Ok, I realize that these topics don't seem to go together really, but they do. I'm in a moderately severe depression.  I don't know what to do about it. Should I go see someone? I've taken Lexapro for 8 years now. EIGHT YEARS! I really don't know what to do.  Mark wants another baby... the idea of that makes me feel like I am going to hyperventilate. I need to lose weight. I need to organize my life. I need... I need... I need so much that finding a starting point to help me make things better is so fucking difficult I find it impossible.  So when things are too hectic, when they seem to difficult, do nothing. That's my mantra.

Thursday, November 1, 2012

NaNoWriMo

NaNoWriMo is not another language. Well, not really. It's National Novel Writing Month. NOVEMBER! Of which today is the first.  The pressures of the "story" come at a cost to me if I have to deal with it every day. (Which is why I am a scientist, not an author.) So I have elected to do my own thing here and write a blog post every single day the whole month.  This will include my world famous annual Thanksgiving post. What? You've never heard it? Well read-up boys and girls. I have a lot to say and whole months worth of blog posts to say it. 

OK, so to start I want to give my faithful reader(s) an opportunity to pitch in and tell me something that they would enjoy my talking about. If you have a topic that you'd like to read my opinions on, leave me a comment in the, errr, comment section.  My only rule is that I don't talk about politics. I don't like politics. To be honest, I don't fully understand all that goes on and don't care to read, talk, nor write about it. So all those requests will be subsequently denied and the reader banned from commenting on my posts ever again. (That's a bluff, I can't ban you. But I really will ignore you.) 

So, go! 

Monday, October 8, 2012

Waging a War on My Lifestyle.


I am overweight... No surprises there, I'm sure. But wait (weight?), there's more: I have PCOS, type II diabetes, high blood pressure... I take pills for anxiety and depression. I have no energy and all this is compounded by my working 3rd shift.

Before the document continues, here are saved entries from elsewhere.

theorem mainTheorem5:
  fixes V :: "'a set" and E :: "'a \<Rightarrow> 'a \<Rightarrow> bool" and n :: nat
  assumes "simple_graph V E" and "twin_free V E" and "card V = n"
  defines "P \<equiv> pmf_of_set (permutations_of_set V)"
  shows "(\<forall>K\<in>{1..n}.
            measure_pmf.prob P {xs. \<exists>C. lex_algorithm n (relabel E xs) = Some C \<and> card C \<le> K}
          \<ge> measure_pmf.prob P {xs. identifying_code {1..n} (relabel E xs) {1..K}})
       \<and> measure_pmf.prob P {xs. \<exists>C. lex_algorithm n (relabel E xs) = Some C
              \<and> identifying_code {1..n} (relabel E xs) C \<and> card C = id_code_number V E}
          \<ge> 1 / real (n choose id_code_number V E)"
proof (intro conjI ballI)
  fix K
  have "{xs. identifying_code {1..n} (relabel E xs) {1..K}}
      \<subseteq> {xs. \<exists>C. lex_algorithm n (relabel E xs) = Some C \<and> card C \<le> K}"
    using lex_algorithm_card_le by blast
  then show "measure_pmf.prob P {xs. \<exists>C. lex_algorithm n (relabel E xs) = Some C \<and> card C \<le> K}
      \<ge> measure_pmf.prob P {xs. identifying_code {1..n} (relabel E xs) {1..K}}"
    by (rule measure_pmf.finite_measure_mono) simp
next
  \<comment> \<open>of \<open>simple_graph\<close> only the finiteness of V is needed\<close>
  have fin: "finite V" using assms(1) by (simp add: simple_graph_def)
  obtain Cs where Cs: "identifying_code V E Cs" "card Cs = id_code_number V E"
    using minimum_identifying_code_exists[OF assms(2)] .
  have CsV: "Cs \<subseteq> V" using Cs(1) by (simp add: identifying_code_def)
  have "1 / real (card V choose card Cs) \<le> measure_pmf.prob P {xs. \<exists>C. lex_algorithm (card V) (relabel E xs) = Some C
      \<and> identifying_code {1..card V} (relabel E xs) C \<and> card C = card Cs}"
    unfolding P_def using lex_algorithm_optimal_if_code_first[OF _ Cs]
    by (intro prob_initial_segment_ge[OF fin CsV]) simp
  then show "measure_pmf.prob P {xs. \<exists>C. lex_algorithm n (relabel E xs) = Some C
              \<and> identifying_code {1..n} (relabel E xs) C \<and> card C = id_code_number V E}
      \<ge> 1 / real (n choose id_code_number V E)"
    using assms(3) Cs(2) by simp
qed

end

There's all that and I love fast food. Easy food. Greasy food. French fries, fried chicken sandwiches are my favorite. I have a gross addiction to sweet tea and (very sweet) iced coffee. And I have been having an obscene affair with chocolate chip cookies all my life.

But yesterday... :sigh: and : teary-eyes: My son informed me that I have a big belly. I really thought I had a few more years before he was going to point that out. I dont know if someone was saying something and he over-heard them or he just made an innocent observation. I just said, I sure do, you're right. And we kept moving. I wasn't upset with him... but for myself. And with myself. It's stupid to be this fat. I'm stupid for being this fat. Mark wants us to have another baby. I really do not think I can like this. I mean, I was this weight when I got pregnant with Quinn... so I can. But the end was hard and disappointing. (And happy too, cause Quinn, WOW! He's an awesome kid!)

I'm 38.5 years old. (The half is important cause 39 is just around the corner.) I feel like it's too late. Like I'm stupid for trying at this point. I am what I am and it is what it is.... That's my self-esteem talking though. LIke I'd rather make jokes about it than take care of it. Or once again try and fail. But the logical, intelligent side of me says "THERE IS NO TIME LIKE THE PRESENT!!" So I need to get my ass moving and figure out what works for me and just fucking do it already.

So, I have a book I'm reading "The Low GI Diet Revolution." I am going to try it because of the diabetes and PCOS. It says it's safe for women who are trying to get pregnant and who are pregnant. It says you start with a 12 week program and if you do right you lose 5-10% of your body fat during that 12 weeks. Then you take time to maintain, I don't know how much time yet, and you start again. I'll give more details as I get to it.

So... Here we go.

Saturday, May 19, 2012

"The Weird Sisters" By Eleanor Brown


I have read a lot of books in my days. I started with "ABCs for Dummies" when I was a kid and kept on going.  My husband, in his own loving way, would describe me as a nerd through and through.  He is terribly afraid that our son will follow in my footsteps, but I love it. Reading is an escape. It's therapy for the poor- or rich if you don't visit the public library as I do.  So, since reading books is something I value in my day-to-day life, I've decided to start a new blog and dedicate it to books. Books I've read, books I want to read, books I wish I had never read at all (Jodi Piccoult, I'm looking at you.) Until I can think of a clever new name for my new book minded blog, I'm going to post them here for all my loyal readers to judge.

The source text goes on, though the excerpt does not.